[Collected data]
(* Let $\{(X_i,W_i,Y_i)\}_{i=1}^n$ be an i.i.d. sample from a randomized experiment with treatment arms $\mathcal W=\{1,\dots,K\}$, $Y_i=Y_i(W_i)$, $(Y(1),\dots,Y(K),X)$ independent of $W$, and $0<\pi_w=P(W=w)<1$. Let $n_w=\#\{i:W_i=w\}$ and suppose $n_w/n=\pi_w+o(1)$ as $n\to\infty$ for every $w\in\mathcal W$. For $y\in\mathcal Y$ define the simple estimator $\hat F^{simple}_{Y(w)}(y)=\frac{1}{n_w}\sum_{i:W_i=w}1\{Y_i\le y\}$, and the (infeasible) regression-adjusted estimator using the true conditional distribution $\gamma_y^{(w)}(x)=F_{Y(w)\mid X}(y\mid x)$: $$\tilde F_{Y(w)}(y)=\frac{1}{n_w}\sum_{i:W_i=w}\big(1\{Y_i\le y\}-\gamma_y^{(w)}(X_i)\big)+\frac1n\sum_{i=1}^n\gamma_y^{(w)}(X_i).$$ Let $\hat\theta^{simple}_y=(\hat F^{simple}_{Y(w)}(y))_{w=1}^K$ and $\tilde\theta_y=(\tilde F_{Y(w)}(y))_{w=1}^K$. Then: (a) for any $w\in\mathcal W$ and $y\in\mathcal Y$, $\mathrm{Var}(\hat F^{simple}_{Y(w)}(y))\ge\mathrm{Var}(\tilde F_{Y(w)}(y))+o(n^{-1})$, where equality holds only if $F_{Y(w)\mid X}(y\mid X)=F_{Y(w)}(y)$; (b) for any $y\in\mathcal Y$, $\mathrm{Var}(\hat\theta^{simple}_y)\succeq\mathrm{Var}(\tilde\theta_y)+o(n^{-1})$; moreover, if $\mathrm{Var}\big(F_{Y(w)\mid X}(y\mid X)-r\,F_{Y(w')\mid X}(y\mid X)\big)>0$ for all distinct $w,w'\in\mathcal W$ and all $r\in\mathbb R$, then the positive definite version of this ordering holds.
   Context: $1\{\cdot\}$ is the indicator function; $A\succeq B$ means $A-B$ is positive semi-definite; $F_{Y(w)}(y)=P(Y(w)\le y)$. *)

theory Defs
  imports "HOL-Probability.Probability" "HOL-Library.Landau_Symbols"
begin

definition covariance :: "'a measure \<Rightarrow> ('a \<Rightarrow> real) \<Rightarrow> ('a \<Rightarrow> real) \<Rightarrow> real" where
  "covariance M f g =
     (\<integral>\<omega>. (f \<omega> - (\<integral>\<omega>'. f \<omega>' \<partial>M)) * (g \<omega> - (\<integral>\<omega>'. g \<omega>' \<partial>M)) \<partial>M)"

definition Var :: "'a measure \<Rightarrow> ('a \<Rightarrow> real) \<Rightarrow> real" where
  "Var M f = (\<integral>\<omega>. (f \<omega> - (\<integral>\<omega>'. f \<omega>' \<partial>M))\<^sup>2 \<partial>M)"

definition cov_matrix :: "'a measure \<Rightarrow> ('a \<Rightarrow> real ^ 'w) \<Rightarrow> real ^ 'w ^ 'w" where
  "cov_matrix M \<theta> = (\<chi> w w'. covariance M (\<lambda>\<omega>. \<theta> \<omega> $ w) (\<lambda>\<omega>. \<theta> \<omega> $ w'))"

text \<open>Positive semi-definiteness (A \<succeq> B means psd (A - B)).\<close>
definition psd :: "real ^ 'n ^ 'n \<Rightarrow> bool" where
  "psd A \<longleftrightarrow> (\<forall>v. 0 \<le> v \<bullet> (A *v v))"

text \<open>g is a version of the conditional distribution function x \<mapsto> F_{V|X}(y|x), i.e.
  g(X) is a version of E[1{V \<le> y} | X].\<close>
definition cond_cdf_version ::
  "'a measure \<Rightarrow> 'x measure \<Rightarrow> ('a \<Rightarrow> 'x) \<Rightarrow> ('a \<Rightarrow> real) \<Rightarrow> real \<Rightarrow> ('x \<Rightarrow> real) \<Rightarrow> bool" where
  "cond_cdf_version M Sx X V y g \<longleftrightarrow>
     g \<in> borel_measurable Sx \<and> integrable M (\<lambda>\<omega>. g (X \<omega>)) \<and>
     (\<forall>A\<in>sets Sx. (\<integral>\<omega>. indicator {..y} (V \<omega>) * indicator A (X \<omega>) \<partial>M)
                  = (\<integral>\<omega>. g (X \<omega>) * indicator A (X \<omega>) \<partial>M))"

How to complete this task:
Read through the entries and count the lines where "close" appears; respond with the number only.

Reply to the task:
2